The judge said that the ruling is permanent unless circumstances change.

Phil and Cruella were married in 1998. They adopted Roan in 2000. They divorced in 2004. Cruella also adopted two other sons, Laird Vonne Stone and Quinn Kelly. Roan, Laird and Quinn? They sound like characters in "The Legend of Zelda."

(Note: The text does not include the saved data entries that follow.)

lemma count_proots_pderiv:
  fixes Q :: "real poly"
  assumes "Q \<noteq> 0" "poly Q x = 0"
  shows "count (proots Q) x = Suc (count (proots (pderiv Q)) x)"
  using assms pderiv_nonzero_if_root[OF assms] by (simp add: order_pderiv)

lemma size_proots_on_finite_roots_le:
  fixes Q :: "real poly"
  assumes "Q \<noteq> 0" "finite Z" "Z \<noteq> {}" "\<And>z. z \<in> Z \<Longrightarrow> poly Q z = 0"
  shows "size {#x \<in># proots Q. x \<in> Z#}
    \<le> Suc (size {#x \<in># proots (pderiv Q). Min Z \<le> x \<and> x \<le> Max Z#})"
  using assms(2-4)
proof (induction Z rule: finite_linorder_max_induct)
  case (insert b A)
  have count_b: "count (proots Q) b = Suc (count (proots (pderiv Q)) b)"
    by (rule count_proots_pderiv[OF \<open>Q \<noteq> 0\<close>]) (simp add: insert.prems)
  show ?case
  proof (cases "A = {}")
    case True
    have "{#x \<in># proots (pderiv Q). b \<le> x \<and> x \<le> b#} = {#x \<in># proots (pderiv Q). x = b#}"
      by (intro filter_mset_cong) auto
    with True count_b show ?thesis
      by (simp add: filter_eq_replicate_mset)
  next
    case False
    define m where "m = Max A"
    have "m \<in> A" "m < b" "Min A \<le> m"
      using False insert.hyps by (simp_all add: m_def)
    obtain w where "m < w" "w < b" "poly (pderiv Q) w = 0"
      using poly_MVT[OF \<open>m < b\<close>, of Q] insert.prems \<open>m \<in> A\<close> by auto
    moreover have "pderiv Q \<noteq> 0"
      using \<open>Q \<noteq> 0\<close> insert.prems by (intro pderiv_nonzero_if_root) auto
    ultimately have "0 < size {#x \<in># proots (pderiv Q). m < x \<and> x < b#}"
      by (auto simp: nonempty_has_size[symmetric])
    moreover have "size {#x \<in># proots Q. x \<in> A#}
        \<le> Suc (size {#x \<in># proots (pderiv Q). Min A \<le> x \<and> x \<le> m#})"
      using insert.IH False insert.prems by (simp add: m_def)
    moreover have "b \<notin> A" and "Max (insert b A) = b"
      using insert.hyps by (auto simp: Max_insert2 less_imp_le)
    moreover have "Min (insert b A) = Min A"
      using False insert.hyps \<open>Min A \<le> m\<close> \<open>m < b\<close> by (simp add: Min_insert)
    ultimately show ?thesis
      using count_b size_filter_mset_insert[of b A "proots Q"]
        size_filter_mset_atLeastAtMost_split[OF \<open>Min A \<le> m\<close> \<open>m < b\<close>, of "proots (pderiv Q)"]
      by simp
  qed
qed simp

lemma size_proots_on_connected_le:
  fixes Q :: "real poly"
  assumes "Q \<noteq> 0" "connected S"
  shows "size {#x \<in># proots Q. x \<in> S#} \<le> Suc (size {#x \<in># proots (pderiv Q). x \<in> S#})"
proof -
  define Z where "Z = {x \<in> S. poly Q x = 0}"
  have "finite Z"
    using poly_roots_finite[OF \<open>Q \<noteq> 0\<close>] by (rule finite_subset[rotated]) (auto simp: Z_def)
  have filter_Z: "{#x \<in># proots Q. x \<in> S#} = {#x \<in># proots Q. x \<in> Z#}"
    using \<open>Q \<noteq> 0\<close> by (intro filter_mset_cong) (auto simp: Z_def)
  show ?thesis
  proof (cases "Z = {}")
    case False
    have "Min Z \<in> S" "Max Z \<in> S"
      using Min_in Max_in \<open>finite Z\<close> False by (auto simp: Z_def)
    then have "size {#x \<in># proots (pderiv Q). Min Z \<le> x \<and> x \<le> Max Z#}
        \<le> size {#x \<in># proots (pderiv Q). x \<in> S#}"
      using \<open>connected S\<close> by (intro size_filter_mset_mono) (meson connected_iff_interval)
    then show ?thesis
      using size_proots_on_finite_roots_le[OF \<open>Q \<noteq> 0\<close> \<open>finite Z\<close> False] filter_Z
      by (simp add: Z_def)
  qed (simp add: filter_Z)
qed

lemma sign_prod_mset_diff:
  fixes a :: real
  assumes "a \<notin># M"
  shows "0 < (-1) ^ size {#x \<in># M. a < x#} * (\<Prod>x\<in>#M. a - x)"
  using assms
proof (induction M)
  case (add x M)
  then have IH: "0 < (-1) ^ size {#x \<in># M. a < x#} * (\<Prod>x\<in>#M. a - x)" and "x \<noteq> a"
    by auto
  show ?case
  proof (cases "a < x")
    case True
    with IH have "0 < (x - a) * ((-1) ^ size {#x \<in># M. a < x#} * (\<Prod>x\<in>#M. a - x))"
      by simp
    with True show ?thesis
      by (simp add: algebra_simps)
  next
    case False
    with \<open>x \<noteq> a\<close> IH have "0 < (a - x) * ((-1) ^ size {#x \<in># M. a < x#} * (\<Prod>x\<in>#M. a - x))"
      by simp
    with False show ?thesis
      by (simp add: ac_simps)
  qed
qed simp

lemma eventually_poly_pos_at_top:
  fixes p :: "real poly"
  assumes "lead_coeff p > 0"
  shows "eventually (\<lambda>x. 0 < poly p x) at_top"
proof -
  obtain N where N: "\<And>x. N \<le> x \<Longrightarrow> lead_coeff p \<le> poly p x"
    using poly_pinfty_gt_lc[OF assms] by blast
  have "0 < poly p x" if "N \<le> x" for x
    using N[OF that] assms by linarith
  then show ?thesis
    by (auto simp: eventually_at_top_linorder)
qed

lemma eventually_poly_sign_at_bot:
  fixes p :: "real poly"
  assumes "lead_coeff p > 0"
  shows "eventually (\<lambda>x. 0 < (-1) ^ degree p * poly p x) at_bot"
proof -
  define q where "q = smult ((-1) ^ degree p) (pcompose p [:0, -1:])"
  have "lead_coeff (pcompose p [:0, -1:]) = lead_coeff p * (-1) ^ degree p"
    by (subst lead_coeff_comp) simp_all
  then have "lead_coeff q = lead_coeff p"
    by (simp add: q_def degree_pcompose power_mult_distrib[symmetric])
  then obtain N where N: "\<And>y. N \<le> y \<Longrightarrow> 0 < poly q y"
    using eventually_poly_pos_at_top[of q] assms by (auto simp: eventually_at_top_linorder)
  have "0 < (-1) ^ degree p * poly p x" if "x \<le> - N" for x
    using N[of "- x"] that by (simp add: q_def poly_pcompose)
  then show ?thesis
    by (auto simp: eventually_at_bot_linorder)
qed

lemma size_proots_atMost_step:
  fixes Q :: "real poly"
  assumes "Q \<noteq> 0" "a < b" "poly Q a * poly Q b \<le> 0"
    and at_a: "k + of_bool (poly Q a = 0) \<le> size {#x \<in># proots Q. x \<le> a#}"
  shows "k + (if poly Q b = 0 then Suc (count (proots (pderiv Q)) b) else 1)
    \<le> size {#x \<in># proots Q. x \<le> b#}"
proof -
  have split: "size {#x \<in># proots Q. x \<le> b#}
      = size {#x \<in># proots Q. x \<le> a#} + size {#x \<in># proots Q. a < x \<and> x < b#} + count (proots Q) b"
    using \<open>a < b\<close> by (rule size_filter_mset_atMost_split)
  show ?thesis
  proof (cases "poly Q b = 0")
    case True
    with at_a split count_proots_pderiv[OF \<open>Q \<noteq> 0\<close> True] show ?thesis
      by simp
  next
    case False
    show ?thesis
    proof (cases "poly Q a = 0")
      case True
      with at_a split False show ?thesis
        by simp
    next
      case False
      with \<open>poly Q b \<noteq> 0\<close> assms(3) have "poly Q a * poly Q b < 0"
        by (simp add: order_less_le)
      then obtain x where "a < x" "x < b" "poly Q x = 0"
        using poly_IVT[OF \<open>a < b\<close>] by blast
      with \<open>Q \<noteq> 0\<close> have "0 < size {#x \<in># proots Q. a < x \<and> x < b#}"
        by (auto simp: nonempty_has_size[symmetric])
      with at_a split False \<open>poly Q b \<noteq> 0\<close> show ?thesis
        by simp
    qed
  qed
qed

You better believe that Cruella isn't going to let this go! Nobody screws with her and gets away with hit. She's probably on the phone with the grouchy Komodo dragon that bit off Phil's big toe! She wants that mean old Komodo dragon to strike again!

On second thought, that Komodo dragon was probably made into a purse for Cruella shortly after he chomped off Phil's toe, but she'll get her revenge somehow!

Posted by: Michael K


Tuesday, September 23rd 2008

Oh, The Sun!

What in The Sims hell is this fuckery?! The Sun has published these two pictures of Brit Brit and claim the label is using them to promote her first single "Womanizer." I am 99.999999% sure this shit was fan made. If I'm wrong, you can force feed me a bowl of wet Cheetos and Kool-Aid crust.

The Sun writes:

Britney's bosses are using these shots to promote her comeback single Womaniser, though they've been more successful at promoting the wonders of computer wizardry.

Dressed in sexy leather dominatrix gear and holding a whip, the singer is pictured leaning over a scantily-clad hunk.

I've seen Cheeto puffs that are thicker than Brit Brit's ankles in these pictures. She looks like a Ty Ty Banks and Claudia Schiffer hybrid. I pray to the Frapp gods that these are real! As the kids say, they bring the LULZ. That was hard to type.

In other Cheeto news, Brit Brit's single was supposed to come out yesterday, but the label has pushed it back a week for more "tweaking." It will be released on September 29th. If you can't wait that long, just listen to the robotic voice on your answer machine that tells you how many messages you have. Brit's single is probably going to sound something like that.

UPDATE: According to Breathe Heavy, this shit is definitely fan made using old Brit Brit photos. Oh well. I might eat a bowl of wet Cheetos and Kool Aid crust anyway.



Posted by: Michael K


Tuesday, September 23rd 2008

Naomi Clark Better Step It Up

The CW has picked up "90210" for a full season. Yay. More episodes filled with snoozy plots, not enough Brenda Walsh and broke ass acting skills. Why am I watching this again? Oh, right. I'm watching it because I can't let go of Brenda Walsh. I'm hoping the day finally comes when Brenda takes her revenge on that dumbskankwhore Kelly Taylor. I also watch because I feel Naomi Clark, the resident rich bitch, has potential. But when are the writers going to finally bring out the uber cunt that lives inside her?

She slapped a dude once and she visited her daddy's mistress. Big deal! When is she going to have a coke overdose? When is going to fake a pregnancy to keep her man? When is she going to lace her daddy's condoms with liquid acid, so that his whore's vagina falls off. All she does is make queef faces and whine!

I will say that the scenes she has with her crazy-eyed mother are pretty entertaining. I mean, are they even in the same room when their scenes are filmed? It's like their acting opposite a warped piece of wood. Well, they kind of are. Whenever I watch a horrifically acted scene between Naomi and her buggy-eyed mother, I have to quickly switch to "The Hills" to fill my soul with a little bit of substance. Seriously, they make Heidi and Audrina look like Tallulah Bankhead and Bette Davis!